(Records drawn from a dataset)
lemma arith_prog_image:
  fixes a e :: real
  shows "(\<lambda>j. a + real (j - 1) * e) ` {1..m} = {a + real i * e | i. i < m}"
proof (intro equalityI subsetI)
  fix x assume "x \<in> {a + real i * e | i. i < m}"
  then obtain i where "i < m" "x = a + real (Suc i - 1) * e"
    by auto
  then show "x \<in> (\<lambda>j. a + real (j - 1) * e) ` {1..m}"
    by (intro image_eqI[of _ _ "Suc i"]) auto
next
  fix x assume "x \<in> (\<lambda>j. a + real (j - 1) * e) ` {1..m}"
  then obtain j where "j \<in> {1..m}" "x = a + real (j - 1) * e"
    by blast
  then show "x \<in> {a + real i * e | i. i < m}"
    by (intro CollectI exI[of _ "j - 1"]) auto
qed

lemma arith_prog_centrally_symmetric:
  fixes y :: "nat \<Rightarrow> real"
  assumes anti: "strict_antimono_on {1..m} y" and ap: "y ` {1..m} = {y0 + real i * d | i. i < m}"
  shows "\<exists>c. \<forall>j\<in>{1..m}. y j + y (m + 1 - j) = 2 * c"
proof -
  obtain a e where "e \<le> 0" and ap': "y ` {1..m} = {a + real i * e | i. i < m}"
  proof (cases "d \<le> 0")
    case False
    then show ?thesis
      using that[of "- d"] ap arith_prog_reverse[of y0 d m] by simp
  qed (use that ap in blast)
  define z where "z j = a + real (j - 1) * e" for j
  have z_image: "z ` {1..m} = {a + real i * e | i. i < m}"
    unfolding z_def by (rule arith_prog_image)
  have y_eq_z: "\<forall>j\<in>{1..m}. y j = z j"
  proof (cases "e = 0")
    case True
    then show ?thesis
      using ap' z_image by (auto simp: z_def)
  next
    case False
    then have "strict_antimono_on {1..m} z"
      using \<open>e \<le> 0\<close> by (intro monotone_onI) (auto simp: z_def mult_strict_right_mono_neg)
    then show ?thesis
      using strict_antimono_on_image_eq[OF _ anti] ap' z_image by simp
  qed
  have "y j + y (m + 1 - j) = 2 * (a + real (m - 1) * e / 2)" if "j \<in> {1..m}" for j
  proof -
    have "m + 1 - j \<in> {1..m}" and indices: "real (j - 1) + real (m + 1 - j - 1) = real (m - 1)"
      using that by auto
    then have "y j + y (m + 1 - j) = z j + z (m + 1 - j)"
      using y_eq_z that by simp
    also have "\<dots> = 2 * a + (real (j - 1) + real (m + 1 - j - 1)) * e"
      by (simp add: z_def algebra_simps)
    finally show ?thesis
      unfolding indices by simp
  qed
  then show ?thesis
    by blast
qed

Task description
Could you reproduce, exactly, every line above from the line with "by (intro CollectI" to the line with "using that by auto", and no other line? Both ends count.

Answer section
    by (intro CollectI exI[of _ "j - 1"]) auto
qed

lemma arith_prog_centrally_symmetric:
  fixes y :: "nat \<Rightarrow> real"
  assumes anti: "strict_antimono_on {1..m} y" and ap: "y ` {1..m} = {y0 + real i * d | i. i < m}"
  shows "\<exists>c. \<forall>j\<in>{1..m}. y j + y (m + 1 - j) = 2 * c"
proof -
  obtain a e where "e \<le> 0" and ap': "y ` {1..m} = {a + real i * e | i. i < m}"
  proof (cases "d \<le> 0")
    case False
    then show ?thesis
      using that[of "- d"] ap arith_prog_reverse[of y0 d m] by simp
  qed (use that ap in blast)
  define z where "z j = a + real (j - 1) * e" for j
  have z_image: "z ` {1..m} = {a + real i * e | i. i < m}"
    unfolding z_def by (rule arith_prog_image)
  have y_eq_z: "\<forall>j\<in>{1..m}. y j = z j"
  proof (cases "e = 0")
    case True
    then show ?thesis
      using ap' z_image by (auto simp: z_def)
  next
    case False
    then have "strict_antimono_on {1..m} z"
      using \<open>e \<le> 0\<close> by (intro monotone_onI) (auto simp: z_def mult_strict_right_mono_neg)
    then show ?thesis
      using strict_antimono_on_image_eq[OF _ anti] ap' z_image by simp
  qed
  have "y j + y (m + 1 - j) = 2 * (a + real (m - 1) * e / 2)" if "j \<in> {1..m}" for j
  proof -
    have "m + 1 - j \<in> {1..m}" and indices: "real (j - 1) + real (m + 1 - j - 1) = real (m - 1)"
      using that by auto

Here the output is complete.